lemma ot_eps_lipschitz:
  assumes "prob_vec \<alpha>" "prob_vec \<beta>" "0 \<le> \<epsilon>" "\<And>i j. \<bar>D i j - D' i j\<bar> \<le> c"
  shows "\<bar>ot_eps \<epsilon> \<alpha> \<beta> D - ot_eps \<epsilon> \<alpha> \<beta> D'\<bar> \<le> c"
  unfolding ot_eps_eq_INF
proof (rule abs_cINF_diff_le)
  fix P assume "P \<in> coupling \<alpha> \<beta>"
  with assms(1) have "prob_matrix P"
    by (rule coupling_prob_matrix)
  then show "\<bar>transport_cost P D + \<epsilon> * neg_entropy P - (transport_cost P D' + \<epsilon> * neg_entropy P)\<bar> \<le> c"
    using transport_cost_lipschitz[OF _ assms(4)] by simp
qed (use product_coupling[OF assms(1,2)] bdd_below_ot_objective[OF assms(1,3)] in auto)

lemma ot_eps_regularization_error:
  fixes \<alpha> :: "'a::finite \<Rightarrow> real" and \<beta> :: "'b::finite \<Rightarrow> real"
  assumes "prob_vec \<alpha>" "prob_vec \<beta>" "0 \<le> \<epsilon>"
  shows "\<bar>ot_eps \<epsilon> \<alpha> \<beta> D - ot_eps 0 \<alpha> \<beta> D\<bar> \<le> \<epsilon> * (real CARD('a) * real CARD('b))"
  unfolding ot_eps_eq_INF
proof (rule abs_cINF_diff_le)
  fix P assume "P \<in> coupling \<alpha> \<beta>"
  with assms(1) have "prob_matrix P"
    by (rule coupling_prob_matrix)
  then have "\<bar>neg_entropy P\<bar> \<le> real CARD('a) * real CARD('b)"
    using neg_entropy_bounds[of P] by (simp add: abs_le_iff)
  then show "\<bar>transport_cost P D + \<epsilon> * neg_entropy P - (transport_cost P D + 0 * neg_entropy P)\<bar>
      \<le> \<epsilon> * (real CARD('a) * real CARD('b))"
    using assms(3) by (simp add: abs_mult mult_left_mono)
next
  show "coupling \<alpha> \<beta> \<noteq> {}"
    using product_coupling[OF assms(1,2)] by blast
  show "bdd_below ((\<lambda>P. transport_cost P D + \<epsilon> * neg_entropy P) ` coupling \<alpha> \<beta>)"
    by (rule bdd_below_ot_objective[OF assms(1,3)])
  show "bdd_below ((\<lambda>P. transport_cost P D + 0 * neg_entropy P) ` coupling \<alpha> \<beta>)"
    by (rule bdd_below_ot_objective[OF assms(1) order_refl])
qed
........
**Work instruction**
Would you restate, word for word, every line of the listing from its first line through the line with "0 * neg_entropy P)\<bar>"?

**Response**
lemma ot_eps_lipschitz:
  assumes "prob_vec \<alpha>" "prob_vec \<beta>" "0 \<le> \<epsilon>" "\<And>i j. \<bar>D i j - D' i j\<bar> \<le> c"
  shows "\<bar>ot_eps \<epsilon> \<alpha> \<beta> D - ot_eps \<epsilon> \<alpha> \<beta> D'\<bar> \<le> c"
  unfolding ot_eps_eq_INF
proof (rule abs_cINF_diff_le)
  fix P assume "P \<in> coupling \<alpha> \<beta>"
  with assms(1) have "prob_matrix P"
    by (rule coupling_prob_matrix)
  then show "\<bar>transport_cost P D + \<epsilon> * neg_entropy P - (transport_cost P D' + \<epsilon> * neg_entropy P)\<bar> \<le> c"
    using transport_cost_lipschitz[OF _ assms(4)] by simp
qed (use product_coupling[OF assms(1,2)] bdd_below_ot_objective[OF assms(1,3)] in auto)

lemma ot_eps_regularization_error:
  fixes \<alpha> :: "'a::finite \<Rightarrow> real" and \<beta> :: "'b::finite \<Rightarrow> real"
  assumes "prob_vec \<alpha>" "prob_vec \<beta>" "0 \<le> \<epsilon>"
  shows "\<bar>ot_eps \<epsilon> \<alpha> \<beta> D - ot_eps 0 \<alpha> \<beta> D\<bar> \<le> \<epsilon> * (real CARD('a) * real CARD('b))"
  unfolding ot_eps_eq_INF
proof (rule abs_cINF_diff_le)
  fix P assume "P \<in> coupling \<alpha> \<beta>"
  with assms(1) have "prob_matrix P"
    by (rule coupling_prob_matrix)
  then have "\<bar>neg_entropy P\<bar> \<le> real CARD('a) * real CARD('b)"
    using neg_entropy_bounds[of P] by (simp add: abs_le_iff)
  then show "\<bar>transport_cost P D + \<epsilon> * neg_entropy P - (transport_cost P D + 0 * neg_entropy P)\<bar>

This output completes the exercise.